Quantum inverse scattering method

In quantum physics, the quantum inverse scattering method (QISM) or the algebraic Bethe ansatz is a method for solving integrable models in 1+1 dimensions, introduced by Leon Takhtajan and L. D. Faddeev in 1979. It can be viewed as a quantized version of the classical inverse scattering method pioneered by Norman Zabusky and Martin Kruskal used to investigate the Korteweg–de Vries equation and later other integrable partial differential equations. In both, a Lax matrix features heavily and scattering data is used to construct solutions to the original system. While the classical inverse scattering method is used to solve integrable partial differential equations which model continuous media (for example, the KdV equation models shallow water waves), the QISM is used to solve many-body quantum systems, sometimes known as spin chains, of which the Heisenberg spin chain is the best-studied and most famous example.

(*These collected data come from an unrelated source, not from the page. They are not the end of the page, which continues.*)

lemma markov_jump_marginal_snd_rates:
  assumes "markov_jump_marginal (A \<times> B) Q snd B R" "finite A" "finite B"
    and "a \<in> A" "b \<in> B" "b' \<in> B"
  shows "(\<Sum>a'\<in>A. Q (a, b) (a', b')) = R b b'"
proof -
  have "{x \<in> A \<times> B. snd x = b'} = (\<lambda>a'. (a', b')) ` A"
    using assms(6) by auto
  then show ?thesis
    using markov_jump_marginal_rates[OF assms(1), of "(a, b)" b'] assms(2-6)
    by (simp add: sum.reindex inj_on_def)
qed

definition ES_compatible :: "'v set set \<Rightarrow> ('v set \<Rightarrow> bool) \<Rightarrow> ('v \<Rightarrow> bool) \<Rightarrow> bool" where
  "ES_compatible E \<eta> \<sigma> \<longleftrightarrow> (\<forall>e\<in>E. \<eta> e \<longrightarrow> delta \<sigma> e)"

lemma ES_compatible_empty [simp]: "ES_compatible E (\<lambda>_. False) \<sigma>"
  by (simp add: ES_compatible_def)

lemma delta_doubleton: "delta \<sigma> {a, b} \<longleftrightarrow> \<sigma> a = \<sigma> b"
  by (auto simp: delta_def)

lemma empty_in_edge_configs [simp]: "(\<lambda>_. False) \<in> edge_configs E"
  by (simp add: edge_configs_def)

lemma ES_weight_nonneg: "0 < p \<Longrightarrow> p < 1 \<Longrightarrow> 0 \<le> ES_weight E p \<eta> \<sigma>"
  unfolding ES_weight_def by (intro prod_nonneg) auto

lemma ES_weight_pos: "0 < p \<Longrightarrow> p < 1 \<Longrightarrow> ES_compatible E \<eta> \<sigma> \<Longrightarrow> 0 < ES_weight E p \<eta> \<sigma>"
  unfolding ES_weight_def ES_compatible_def by (intro prod_pos) auto

lemma ES_weight_eq_0: "finite E \<Longrightarrow> \<not> ES_compatible E \<eta> \<sigma> \<Longrightarrow> ES_weight E p \<eta> \<sigma> = 0"
  unfolding ES_weight_def ES_compatible_def by (rule prod_zero) auto

lemma ES_Z_pos:
  fixes E :: "('v::finite) set set"
  assumes "0 < p" "p < 1"
  shows "0 < ES_Z E p"
proof -
  have "0 < ES_weight E p (\<lambda>_. False) (\<lambda>_::'v. True)"
    using assms by (simp add: ES_weight_pos)
  also have "\<dots> \<le> (\<Sum>\<sigma>\<in>UNIV. ES_weight E p (\<lambda>_. False) \<sigma>)"
    using assms by (intro member_le_sum ES_weight_nonneg) auto
  also have "\<dots> \<le> ES_Z E p"
    unfolding ES_Z_def using assms
    by (intro member_le_sum[of "\<lambda>_. False"] sum_nonneg ES_weight_nonneg) auto
  finally show ?thesis .
qed

lemma IP_pos:
  fixes E :: "('v::finite) set set"
  shows "0 < p \<Longrightarrow> p < 1 \<Longrightarrow> ES_compatible E \<eta> \<sigma> \<Longrightarrow> 0 < IP E p \<eta> \<sigma>"
  by (simp add: IP_def ES_weight_pos ES_Z_pos)

lemma IP_eq_0:
  fixes E :: "('v::finite) set set"
  shows "\<not> ES_compatible E \<eta> \<sigma> \<Longrightarrow> IP E p \<eta> \<sigma> = 0"
  by (simp add: IP_def ES_weight_eq_0)
lemma norm_matrix_vector_mult_le: "norm ((M::real^'n^'m) *v x) \<le> norm M * norm x"
proof (rule power2_le_imp_le)
  have "(norm (M *v x))\<^sup>2 = (\<Sum>i\<in>UNIV. (M $ i \<bullet> x)\<^sup>2)"
    unfolding power2_norm_eq_inner inner_vec_def matrix_vector_mul_component by (simp add: power2_eq_square)
  also have "\<dots> \<le> (\<Sum>i\<in>UNIV. (norm (M $ i))\<^sup>2 * (norm x)\<^sup>2)"
  proof (rule sum_mono)
    fix i
    have "\<bar>M $ i \<bullet> x\<bar> \<le> norm (M $ i) * norm x"
      by (rule Cauchy_Schwarz_ineq2)
    then show "(M $ i \<bullet> x)\<^sup>2 \<le> (norm (M $ i))\<^sup>2 * (norm x)\<^sup>2"
      by (metis abs_ge_zero power2_abs power_mono power_mult_distrib)
  qed
  also have "\<dots> = (norm M * norm x)\<^sup>2"
    by (simp add: power_mult_distrib sum_distrib_right norm_vec_def L2_set_def sum_nonneg)
  finally show "(norm (M *v x))\<^sup>2 \<le> (norm M * norm x)\<^sup>2" .
qed simp

lemma inner_matrix_vector_mult_transpose:
  "((M::real^'n^'m) *v a) \<bullet> b = a \<bullet> (transpose M *v b)"
  using dot_lmul_matrix[of b M a] by (simp add: inner_commute)

lemma matrix_inv_right: "invertible M \<Longrightarrow> M ** matrix_inv M = mat 1"
  unfolding invertible_def matrix_inv_def by (rule someI2_ex) auto

lemma matrix_inv_left: "invertible M \<Longrightarrow> matrix_inv M ** M = mat 1"
  unfolding invertible_def matrix_inv_def by (rule someI2_ex) auto

lemma matrix_inv_solves: "invertible (M::real^'n^'n) \<Longrightarrow> M *v (matrix_inv M *v v) = v"
  by (simp add: matrix_vector_mul_assoc matrix_inv_right)

lemma matrix_inv_unique_solution:
  "invertible (M::real^'n^'n) \<Longrightarrow> M *v w = v \<Longrightarrow> w = matrix_inv M *v v"
  by (metis matrix_inv_left matrix_vector_mul_assoc matrix_vector_mul_lid)

lemma matrix_inv_entry:
  fixes M :: "real^'n^'n"
  assumes "invertible M"
  shows "matrix_inv M $ i $ j = det (\<chi> a b. if b = i then (if a = j then 1 else 0) else M $ a $ b) / det M"
proof -
  have "det M \<noteq> 0" using assms invertible_det_nz by blast
  moreover have "M *v (matrix_inv M *v axis j 1) = axis j 1"
    using matrix_inv_solves[OF assms] .
  ultimately have "matrix_inv M *v axis j 1
      = (\<chi> k. det (\<chi> a b. if b = k then (axis j 1 :: real^'n) $ a else M $ a $ b) / det M)"
    using cramer by blast
  moreover have "(matrix_inv M *v axis j 1) $ i = matrix_inv M $ i $ j"
    by (simp add: matrix_vector_mult_def axis_def if_distrib sum.delta cong: if_cong)
  moreover have "(\<chi> a b. if b = i then (axis j 1 :: real^'n) $ a else M $ a $ b)
      = (\<chi> a b. if b = i then (if a = j then 1 else 0) else M $ a $ b)"
    by (simp add: vec_eq_iff axis_def)
  ultimately show ?thesis by simp
qed

lemma invertible_imp_perp_ker: "invertible M \<Longrightarrow> perp_ker v (M::real^'n^'n)"
  unfolding perp_ker_def invertible_left_inverse matrix_left_invertible_ker by auto

lemma Ck_on_matrix_mult:
  "Ck_on k S (A::real \<Rightarrow> real^'n^'m) \<Longrightarrow> Ck_on k S (B::real \<Rightarrow> real^'j^'n) \<Longrightarrow> Ck_on k S (\<lambda>t. A t ** B t)"
  by (rule Ck_on_bilinear[OF bounded_bilinear_matrix_matrix_mult])

lemma Ck_on_matrix_vector_mult:
  "Ck_on k S (A::real \<Rightarrow> real^'n^'m) \<Longrightarrow> Ck_on k S (x::real \<Rightarrow> real^'n) \<Longrightarrow> Ck_on k S (\<lambda>t. A t *v x t)"
  by (rule Ck_on_bilinear[OF bounded_bilinear_matrix_vector_mult])

lemma Ck_on_transpose: "Ck_on k S (A::real \<Rightarrow> real^'n^'m) \<Longrightarrow> Ck_on k S (\<lambda>t. transpose (A t))"
  by (rule Ck_on_linear[OF bounded_linear_transpose])
text \<open>At even steps a projective syzygy of S_r forces one of I(r), at odd steps the other
  way round; this is why N(S_r) is S_r for odd and I(r) for even e(S_r).\<close>
lemma syz_proj_simple_or_inj:
  assumes r: "r < n"
  shows "syz_proj r (Suc r) k \<or> syz_proj (inj_top r) (Suc r) k \<longleftrightarrow>
    syz_proj (if even k then inj_top r else r) (Suc r) k"
proof (cases "even k")
  case True
  then obtain m where k: "k = 2 * m" by (rule evenE)
  have "(proj_end ^^ Suc m) (inj_top r) \<le> (proj_end ^^ Suc m) r"
    "(proj_end ^^ m) (Suc r) \<le> (proj_end ^^ Suc m) (inj_top r)"
    using orbits_interleave[OF r] by blast+
  then show ?thesis unfolding k syz_proj_even by (simp del: funpow.simps) linarith
next
  case False
  then obtain m where "k = 2 * m + 1" by (rule oddE)
  then have k: "k = Suc (2 * m)" by simp
  have "(proj_end ^^ Suc m) (inj_top r) \<le> (proj_end ^^ Suc m) r"
    "(proj_end ^^ Suc m) r \<le> (proj_end ^^ Suc m) (Suc r)"
    using orbits_interleave[OF r] by blast+
  then show ?thesis unfolding k syz_proj_odd by (simp del: funpow.simps) linarith
qed

text \<open>res_len r is e(S_r), N(S_r) is the interval module from N_top r to Suc r, and
  res_seq r k is the top of its k-th syzygy.\<close>
definition res_len :: "nat \<Rightarrow> nat" where
  "res_len r = (LEAST k. syz_proj (if even k then inj_top r else r) (Suc r) k)"

definition N_top :: "nat \<Rightarrow> nat" where
  "N_top r = (if even (res_len r) then inj_top r else r)"

definition res_seq :: "nat \<Rightarrow> nat \<Rightarrow> nat" where
  "res_seq r = syz_seq (N_top r) (Suc r)"

definition hperm :: "nat \<Rightarrow> nat" where
  "hperm r = res_seq r (res_len r)"

lemma interval_simple: "r < n \<Longrightarrow> r < Suc r \<and> Suc r \<le> proj_end r \<and> r < n"
  using less_proj_end[of r] by simp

These are typically discrete systems, with particles fixed at different points of a lattice, but limits of results obtained by the QISM can give predictions even for field theories defined on a continuum, such as the quantum sine-Gordon model. The quantum inverse scattering method relates two different approaches: the Bethe ansatz, a method of solving integrable quantum models in one space and one time dimension. the inverse scattering transform, a method of solving classical integrable differential equations of the evolutionary type. This method led to the formulation of quantum groups, in particular the Yangian. The center of the Yangian, given by the quantum determinant plays a prominent role in the method. An important concept in the inverse scattering transform is the Lax representation. The quantum inverse scattering method starts by the quantization of the Lax representation and reproduces the results of the Bethe ansatz. In fact, it allows the Bethe ansatz to be written in a new form: the algebraic Bethe ansatz.